Page 1 of 1

CRC32 Routine

Posted: Tue Mar 30, 2004 8:46 pm
by raju_chvr
Can anyone forward me any links or information on CRC32 Routine ?[/quote]

Posted: Tue Mar 30, 2004 9:43 pm
by vmcburney
Go to Ascential Developernet and look in the download section. Craig has posted demos of it there.

Posted: Wed Mar 31, 2004 12:12 am
by chulett
Actually Vince, much as I'd like to take credit for something like that, it was posted by Michael Hester. The Proud Papa of the routine Michael Hester, in fact. :wink:

Here's a direct link to the correct section of the Library, assuming you are an ADN member.

Posted: Wed Mar 31, 2004 10:51 pm
by vmcburney
Whoops, I even got the demo directly from Michael some time back and here I am giving credit to someone else. Sorry Michael. Nice function, used it at a couple client sites now.

Posted: Thu Apr 01, 2004 8:42 am
by mhester
No skin off my back :-)

Posted: Thu Apr 01, 2004 8:55 am
by mhester
Also,

Some information I believe is important when dealing with CRC32 or any routine like this.

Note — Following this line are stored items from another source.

section \<open>Positive semidefinite square roots\<close>

lemma psd_mat_vec_eq_0:
  assumes fin: "finite S" and sym: "symmetric_mat M" and psd: "\<And>z. bilin S M z z \<ge> 0"
    and null: "bilin S M y y = 0" and "a \<in> S"
  shows "mat_vec S M y a = 0"
proof -
  define w where "w = mat_vec S M y"
  define W where "W = sq_norm S w"
  define c where "c = bilin S M w w"
  have "c \<ge> 0" "W \<ge> 0" unfolding c_def W_def by (simp_all add: psd sq_norm_nonneg)
  have yw: "bilin S M y w = W" and wy: "bilin S M w y = W"
    unfolding W_def w_def using bilin_self_mat_vec[OF sym] bilin_commute[OF sym] by metis+
  text \<open>Nonnegativity of the form along the line \<open>y + t w\<close> forces \<open>W = 0\<close>.\<close>
  define t where "t = - W / (c + 1)"
  have "0 \<le> bilin S M (\<lambda>j. y j + t * w j) (\<lambda>j. y j + t * w j)" by (rule psd)
  also have "\<dots> = 2 * t * W + t\<^sup>2 * c"
    unfolding bilin_add_scaled null yw wy c_def by simp
  finally have "0 \<le> (c + 1)\<^sup>2 * (2 * t * W + t\<^sup>2 * c)" by simp
  also have "(c + 1)\<^sup>2 * (2 * t * W + t\<^sup>2 * c) = 2 * (t * (c + 1)) * W * (c + 1) + (t * (c + 1))\<^sup>2 * c"
    by (simp add: power2_eq_square algebra_simps)
  also have "t * (c + 1) = - W" unfolding t_def using \<open>c \<ge> 0\<close> by simp
  finally have "W\<^sup>2 * (c + 2) \<le> 0" by (simp add: power2_eq_square algebra_simps)
  then have "W = 0" using \<open>c \<ge> 0\<close> by (simp add: mult_le_0_iff)
  then show ?thesis using sq_norm_eq_0_imp[OF fin _ \<open>a \<in> S\<close>] unfolding W_def w_def by blast
qed

definition trace_on :: "nat set \<Rightarrow> (nat \<Rightarrow> nat \<Rightarrow> real) \<Rightarrow> real" where
  "trace_on S M = (\<Sum>j\<in>S. M j j)"

lemma trace_on_mat_mult_commute: "trace_on S (mat_mult S M N) = trace_on S (mat_mult S N M)"
  unfolding trace_on_def mat_mult_def by (subst sum.swap) (simp add: mult.commute)

lemma trace_on_mat_mult_add:
  "trace_on S (mat_mult S D M) + trace_on S (mat_mult S D N)
   = trace_on S (mat_mult S D (\<lambda>j l. M j l + N j l))"
  unfolding trace_on_def mat_mult_def by (simp add: sum.distrib[symmetric] distrib_left)

lemma trace_on_congruence:
  assumes "symmetric_mat D"
  shows "trace_on S (mat_mult S D (mat_mult S M D)) = (\<Sum>j\<in>S. bilin S M (\<lambda>a. D a j) (\<lambda>a. D a j))"
  using assms unfolding trace_on_def mat_mult_def bilin_def symmetric_mat_def
  by (simp add: sum_distrib_left mult_ac)

lemma mat_mult_psd_eq_0_of_trace:
  assumes fin: "finite S" and sym_M: "symmetric_mat M" and psd: "\<And>z. bilin S M z z \<ge> 0"
    and sym_D: "symmetric_mat D" and trace: "trace_on S (mat_mult S D (mat_mult S M D)) = 0"
    and "a \<in> S" "j \<in> S"
  shows "mat_mult S M D a j = 0"
proof -
  have "bilin S M (\<lambda>a. D a j) (\<lambda>a. D a j) = 0"
    using trace \<open>j \<in> S\<close> fin psd sum_nonneg_eq_0_iff[of S "\<lambda>j. bilin S M (\<lambda>a. D a j) (\<lambda>a. D a j)"]
    unfolding trace_on_congruence[OF sym_D] by blast
  from psd_mat_vec_eq_0[OF fin sym_M psd this \<open>a \<in> S\<close>] show ?thesis
    unfolding mat_vec_def mat_mult_def .
qed

text \<open>If \<open>P\<^sup>2 = P'\<^sup>2\<close> then \<open>D = P - P'\<close> satisfies \<open>P D + D P' = 0\<close>, so
  \<open>tr (D P D) + tr (D P' D) = 0\<close> with both traces nonnegative; hence \<open>P D = P' D = 0\<close>,
  so \<open>D\<^sup>2 = 0\<close> and the symmetric \<open>D\<close> vanishes.\<close>

lemma psd_sqrt_unique:
  assumes fin: "finite S"
    and supp: "supported_on S P" "supported_on S P'"
    and sym: "symmetric_mat P" "symmetric_mat P'"
    and psd: "\<And>z. bilin S P z z \<ge> 0" "\<And>z. bilin S P' z z \<ge> 0"
    and sq: "mat_mult S P P = mat_mult S P' P'"
  shows "P = P'"
proof -
  define D where "D = (\<lambda>j l. P j l - P' j l)"
  have sym_D: "symmetric_mat D" using sym unfolding D_def symmetric_mat_def by simp
  have "mat_mult S P D j l + mat_mult S D P' j l = 0" for j l
    using fun_cong[OF fun_cong[OF sq, of j], of l]
    unfolding mat_mult_def D_def by (simp add: algebra_simps sum_subtractf)
  then have "trace_on S (mat_mult S D (mat_mult S P D)) + trace_on S (mat_mult S D (mat_mult S D P')) = 0"
    unfolding trace_on_mat_mult_add by (simp add: mat_mult_def trace_on_def)
  moreover have "trace_on S (mat_mult S D (mat_mult S D P')) = trace_on S (mat_mult S D (mat_mult S P' D))"
    by (metis trace_on_mat_mult_commute mat_mult_assoc)
  moreover have "trace_on S (mat_mult S D (mat_mult S Q D)) \<ge> 0" if "\<And>z. bilin S Q z z \<ge> 0" for Q
    unfolding trace_on_congruence[OF sym_D] using that by (simp add: sum_nonneg)
  ultimately have "trace_on S (mat_mult S D (mat_mult S P D)) = 0"
    and "trace_on S (mat_mult S D (mat_mult S P' D)) = 0"
    using psd by (smt (verit))+
  then have "mat_mult S P D a j = 0" "mat_mult S P' D a j = 0" if "a \<in> S" "j \<in> S" for a j
    using mat_mult_psd_eq_0_of_trace[OF fin sym(1) psd(1) sym_D]
      mat_mult_psd_eq_0_of_trace[OF fin sym(2) psd(2) sym_D] that by blast+
  moreover have "(\<Sum>a\<in>S. (D a j)\<^sup>2) = mat_mult S P D j j - mat_mult S P' D j j" for j
  proof -
    have "(\<Sum>a\<in>S. (D a j)\<^sup>2) = mat_mult S D D j j"
      using sym_D unfolding mat_mult_def symmetric_mat_def by (simp add: power2_eq_square)
    then show ?thesis using mat_mult_diff_left[of S P P' D] unfolding D_def[symmetric] by simp
  qed
  ultimately have "(\<Sum>a\<in>S. (D a j)\<^sup>2) = 0" if "j \<in> S" for j
    using that by simp
  then have "D a j = 0" if "a \<in> S" "j \<in> S" for a j
    using that fin sum_nonneg_eq_0_iff[of S "\<lambda>a. (D a j)\<^sup>2"] by simp
  with supp show ?thesis
    unfolding D_def by (intro supported_on_ext) auto
qed

lemma mat_sqrt_on_eqI:
  assumes fin: "finite S" and supp: "supported_on S P" and sym: "symmetric_mat P"
    and psd: "\<And>z. bilin S P z z \<ge> 0" and sq: "mat_mult S P P = Q"
  shows "mat_sqrt_on S Q = P"
  unfolding mat_sqrt_on_def
proof (rule the_equality)
  show "supported_on S P \<and> pos_semidef_on S P \<and> (\<forall>j\<in>S. \<forall>l\<in>S. mat_mult S P P j l = Q j l)"
    using supp sym psd sq
    unfolding pos_semidef_on_def symmetric_on_def quad_form_eq_bilin symmetric_mat_def by auto
next
  fix P'
  assume P': "supported_on S P' \<and> pos_semidef_on S P' \<and> (\<forall>j\<in>S. \<forall>l\<in>S. mat_mult S P' P' j l = Q j l)"
  then have "mat_mult S P' P' = mat_mult S P P"
    using sq by (intro supported_on_ext[OF supported_on_mat_mult supported_on_mat_mult] supp) auto
  with P' show "P' = P"
    using psd_sqrt_unique[OF fin _ supp _ sym _ psd] symmetric_matI
    unfolding pos_semidef_on_def quad_form_eq_bilin by blast
qed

I have read some posts on this site and the ADN where a customer refuses to use CRC32 because they feel that a 1 in 4 billion chance of an incorrect CRC is too high. Keep in mind that if you process 4 billion rows of data in single run and use CRC32 against each row that you may or may not observe a failure. The premise is that each row has a 1 in 4 billion chance of failure. I could go into the mathematics to support this, but this is not the correct forum for this. If anyone is really interested in this then please contact me directly (email) and I would be happy to send what I have.

Regards,

Michael Hester

Posted: Thu Apr 01, 2004 2:24 pm
by clshore
Actually, the chances are far less than 1 in 4B. especially if you are working with large datasets. This is an example of a class of problems called the 'Birthday Paradox' in statistics classes.

"Given a group of people, what are the chances that 2 folks will have the same birthday? Answer depends on the size of the group. If there are 2, odds are about 1:364. If there are 23, the odds are 1:1."

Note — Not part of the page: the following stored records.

(* For every $d\in\mathbb{N}$, the cones $\mathfrak{P}_{2d}$ and $\mathfrak{S}_{2d}$ are full-dimensional cones in $\mathbb{R}^{\pi(2d)}$.
   Context: For $n\ge 1$, $i\ge1$ let $p_i^{(n)}=\frac1n(x_1^i+\dots+x_n^i)$, and for a partition $\lambda=(\lambda_1,\dots,\lambda_l)$ of $k$ (weakly decreasing positive integers summing to $k$) let $p^{(n)}_\lambda=\prod_i p^{(n)}_{\lambda_i}$. $\pi(k)$ is the number of partitions of $k$. For $n\ge 2d$, $\{p^{(n)}_\lambda:\lambda\vdash 2d\}$ is a basis of the space $H^S_{n,2d}$ of symmetric forms of degree $2d$ in $n$ variables, which identifies $H^S_{n,2d}$ with $\mathbb{R}^{\pi(2d)}$. Define $\mathfrak{P}_{2d}$ (resp. $\mathfrak{S}_{2d}$) as the set of $(c_\lambda)_{\lambda\vdash 2d}\in\mathbb{R}^{\pi(2d)}$ such that $\sum_\lambda c_\lambda p^{(n)}_\lambda$ is a nonnegative form (resp. a sum of squares of real forms) for every $n\ge 2d$. *)

theory Defs
  imports Main "HOL-Analysis.Analysis"
begin

definition is_partition :: "nat \<Rightarrow> nat list \<Rightarrow> bool" where
  "is_partition k lam \<longleftrightarrow> sorted_wrt (\<ge>) lam \<and> (\<forall>i\<in>set lam. 0 < i) \<and> sum_list lam = k"

definition partitions :: "nat \<Rightarrow> nat list set" where
  "partitions k = {lam. is_partition k lam}"

(* normalized power sum p_i^(n)(x) = (1/n)(x_0^i + ... + x_{n-1}^i);
   points of R^n are x :: nat => real, only coordinates 0..n-1 are used *)
definition psum :: "nat \<Rightarrow> nat \<Rightarrow> (nat \<Rightarrow> real) \<Rightarrow> real" where
  "psum n i x = (1 / real n) * (\<Sum>j<n. x j ^ i)"

definition pprod :: "nat \<Rightarrow> nat list \<Rightarrow> (nat \<Rightarrow> real) \<Rightarrow> real" where
  "pprod n lam x = prod_list (map (\<lambda>i. psum n i x) lam)"

definition sym_form :: "nat \<Rightarrow> nat \<Rightarrow> (nat list \<Rightarrow> real) \<Rightarrow> (nat \<Rightarrow> real) \<Rightarrow> real" where
  "sym_form k n c x = (\<Sum>lam\<in>partitions k. c lam * pprod n lam x)"

(* coefficient vectors in R^{pi(k)}: functions on partitions of k, zero elsewhere *)
definition coeff_space :: "nat \<Rightarrow> (nat list \<Rightarrow> real) set" where
  "coeff_space k = {c. \<forall>lam. lam \<notin> partitions k \<longrightarrow> c lam = 0}"

definition monomial_exps :: "nat \<Rightarrow> nat \<Rightarrow> (nat \<Rightarrow> nat) set" where
  "monomial_exps n d = {a. (\<forall>i\<ge>n. a i = 0) \<and> (\<Sum>i<n. a i) = d}"

definition is_form :: "nat \<Rightarrow> nat \<Rightarrow> ((nat \<Rightarrow> real) \<Rightarrow> real) \<Rightarrow> bool" where
  "is_form n d q \<longleftrightarrow> (\<exists>coef :: (nat \<Rightarrow> nat) \<Rightarrow> real.
      q = (\<lambda>x. \<Sum>a\<in>monomial_exps n d. coef a * (\<Prod>i<n. x i ^ a i)))"

definition nonneg_fn :: "nat \<Rightarrow> ((nat \<Rightarrow> real) \<Rightarrow> real) \<Rightarrow> bool" where
  "nonneg_fn n f \<longleftrightarrow> (\<forall>x. f x \<ge> 0)"

definition is_sos :: "nat \<Rightarrow> nat \<Rightarrow> ((nat \<Rightarrow> real) \<Rightarrow> real) \<Rightarrow> bool" where
  "is_sos n d f \<longleftrightarrow> (\<exists>qs. (\<forall>q\<in>set qs. is_form n d q) \<and>
      (\<forall>x. f x = (\<Sum>q\<leftarrow>qs. (q x)\<^sup>2)))"

definition Pcone :: "nat \<Rightarrow> (nat list \<Rightarrow> real) set" where
  "Pcone d = {c \<in> coeff_space (2*d).
      \<forall>n. n \<ge> 1 \<and> n \<ge> 2*d \<longrightarrow> nonneg_fn n (sym_form (2*d) n c)}"

definition Scone :: "nat \<Rightarrow> (nat list \<Rightarrow> real) set" where
  "Scone d = {c \<in> coeff_space (2*d).
      \<forall>n. n \<ge> 1 \<and> n \<ge> 2*d \<longrightarrow> is_sos n d (sym_form (2*d) n c)}"

definition is_cone_in :: "(nat list \<Rightarrow> real) set \<Rightarrow> bool" where
  "is_cone_in C \<longleftrightarrow> (\<forall>c\<in>C. \<forall>t::real. t \<ge> 0 \<longrightarrow> (\<lambda>lam. t * c lam) \<in> C)"

(* full-dimensional in R^{pi(k)}: nonempty interior in the (finite-dim.) coefficient space *)
definition full_dimensional :: "nat \<Rightarrow> (nat list \<Rightarrow> real) set \<Rightarrow> bool" where
  "full_dimensional k C \<longleftrightarrow> (\<exists>c0\<in>C. \<exists>e>0. \<forall>c\<in>coeff_space k.
      (\<forall>lam\<in>partitions k. \<bar>c lam - c0 lam\<bar> < e) \<longrightarrow> c \<in> C)"

end

theory Submission
  imports Defs
begin

text \<open>
  Expanding products of power sums over all index maps \<open>f : {..<l} \<rightarrow> {..<n}\<close> gives, for
  exponent lists \<open>a\<close>, \<open>b\<close> of length \<open>l\<close> and total degree \<open>d\<close>,
  \<open>n^l (p\<^sub>2\<^sub>a + s\<^sup>2 p\<^sub>2\<^sub>b + 2 s p\<^sub>a\<^sub>+\<^sub>b) = \<Sum>\<^sub>f (x\<^sub>f\<^sup>a + s x\<^sub>f\<^sup>b)\<^sup>2\<close>, so
  \<open>p\<^sub>2\<^sub>a + p\<^sub>2\<^sub>b + 2 t p\<^sub>a\<^sub>+\<^sub>b\<close> is a sum of squares for \<open>\<bar>t\<bar> \<le> 1\<close>, uniformly in \<open>n\<close>.
  Every partition \<open>\<lambda>\<close> of \<open>2d\<close> splits as \<open>a + b\<close> with both halves of degree \<open>d\<close>, and
  \<open>2a\<close>, \<open>2b\<close> are (after sorting and dropping zeros) even partitions, whose power-sum
  products are themselves sums of squares. Hence perturbing the point that puts weight \<open>2 \<pi>(2d)\<close> on every even partition by
  at most \<open>2\<close> in each coordinate stays a sum of squares: it is an interior point of
  \<open>Scone d \<subseteq> Pcone d\<close>.
\<close>

lemma finite_monomial_exps: "finite (monomial_exps n d)"
proof -
  have "monomial_exps n d \<subseteq> (\<lambda>f i. if i < n then f i else 0) ` ({..<n} \<rightarrow>\<^sub>E {..d})"
  proof
    fix a assume a: "a \<in> monomial_exps n d"
    hence zero: "\<forall>i\<ge>n. a i = 0" and sum: "(\<Sum>i<n. a i) = d"
      by (auto simp: monomial_exps_def)
    have "\<And>i. i < n \<Longrightarrow> a i \<le> d"
      using sum by (metis finite_lessThan lessThan_iff member_le_sum zero_le)
    hence "restrict a {..<n} \<in> {..<n} \<rightarrow>\<^sub>E {..d}" by auto
    moreover have "a = (\<lambda>i. if i < n then restrict a {..<n} i else 0)"
      using zero by (auto simp: fun_eq_iff not_less)
    ultimately show "a \<in> (\<lambda>f i. if i < n then f i else 0) ` ({..<n} \<rightarrow>\<^sub>E {..d})" by blast
  qed
  thus ?thesis by (rule finite_subset) (intro finite_imageI finite_PiE; simp)
qed

lemma is_form_add:
  assumes "is_form n d p" and "is_form n d q"
  shows "is_form n d (\<lambda>x. p x + q x)"
proof -
  obtain cp cq where "p = (\<lambda>x. \<Sum>a\<in>monomial_exps n d. cp a * (\<Prod>i<n. x i ^ a i))"
    and "q = (\<lambda>x. \<Sum>a\<in>monomial_exps n d. cq a * (\<Prod>i<n. x i ^ a i))"
    using assms unfolding is_form_def by blast
  then show ?thesis unfolding is_form_def
    by (intro exI[of _ "\<lambda>a. cp a + cq a"]) (simp add: fun_eq_iff sum.distrib distrib_right)
qed

lemma is_form_cmult:
  assumes "is_form n d p"
  shows "is_form n d (\<lambda>x. c * p x)"
proof -
  obtain cp where "p = (\<lambda>x. \<Sum>a\<in>monomial_exps n d. cp a * (\<Prod>i<n. x i ^ a i))"
    using assms unfolding is_form_def by blast
  then show ?thesis unfolding is_form_def
    by (intro exI[of _ "\<lambda>a. c * cp a"]) (simp add: fun_eq_iff sum_distrib_left mult.assoc)
qed

lemma monomial_exps_0: "monomial_exps n 0 = {\<lambda>_. 0}"
proof -
  have "a = (\<lambda>_. 0)" if "a \<in> monomial_exps n 0" for a
  proof
    fix i show "a i = 0"
      using that by (cases "i < n") (simp_all add: monomial_exps_def)
  qed
  moreover have "(\<lambda>_. 0) \<in> monomial_exps n 0"
    by (simp add: monomial_exps_def)
  ultimately show ?thesis by blast
qed

lemma is_form_const: "is_form n 0 (\<lambda>x. c)"
  unfolding is_form_def monomial_exps_0 by (rule exI[of _ "\<lambda>_. c"]) simp

lemma monomial_exps_Suc:
  assumes "j < n"
  shows "(\<lambda>a. a(j := Suc (a j))) ` monomial_exps n d = {b \<in> monomial_exps n (Suc d). 0 < b j}"
proof -
  have sum_inc: "(\<Sum>i<n. (a(j := Suc (a j))) i) = Suc (\<Sum>i<n. a i)" for a :: "nat \<Rightarrow> nat"
    using assms by (simp add: sum.remove[of "{..<n}" j])
  have surj: "b \<in> (\<lambda>a. a(j := Suc (a j))) ` monomial_exps n d"
    if "b \<in> monomial_exps n (Suc d)" "0 < b j" for b
  proof -
    let ?a = "b(j := b j - 1)"
    have inc: "?a(j := Suc (?a j)) = b" using that(2) by (auto simp: fun_eq_iff)
    have "Suc (\<Sum>i<n. ?a i) = Suc d"
      using that(1) by (simp only: sum_inc[of ?a, symmetric] inc) (simp add: monomial_exps_def)
    moreover have "\<forall>i\<ge>n. ?a i = 0"
      using that(1) assms by (simp add: monomial_exps_def)
    ultimately have "?a \<in> monomial_exps n d"
      by (simp add: monomial_exps_def)
    with inc show ?thesis by (intro image_eqI[where x = ?a]) simp_all
  qed
  have "a(j := Suc (a j)) \<in> monomial_exps n (Suc d)" if "a \<in> monomial_exps n d" for a
    using that assms sum_inc[of a] by (simp add: monomial_exps_def)
  then show ?thesis
    using surj by (intro subset_antisym image_subsetI subsetI CollectI conjI) simp_all
qed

Don't believe me, look it up for yourself.

BTW, I found out the hard way with CRC32 on an EDW project, when asked to find some 'missing records'. Different records, same CRC32! (d'oh!).

Carter

mhester wrote:Also,

Some information I believe is important when dealing with CRC32 or any routine like this.

I have read some posts on this site and the ADN where a customer refuses to use CRC32 because they feel that a 1 in 4 billion chance of an incorrect CRC is too high. Keep in mind that if you process 4 billion rows of data in single run and use CRC32 against each row that you may or may not observe a failure. The premise is that each row has a 1 in 4 billion chance of failure. I could go into the mathematics to support this, but this is not the correct forum for this. If anyone is really interested in this then please contact me directly (email) and I would be happy to send what I have.

Regards,

Michael Hester

Posted: Thu Apr 01, 2004 3:32 pm
by mhester
Carter,

Thank you for your reply. While I understand the "Birthday Paradox" and many of the variations I'm not sure how this would apply to CRC. I have forwarded your message to the author of the algorithm used in CRC32 employed by Ascential to get his take on this. I have communicated with him before and he is very receptive to inquiries regarding this subject. He has advanced degrees in mathematics and statistics so we should be able to better understand the mechanics once he replies.

I will reply to you when I receive this information.

Regards,

Michael Hester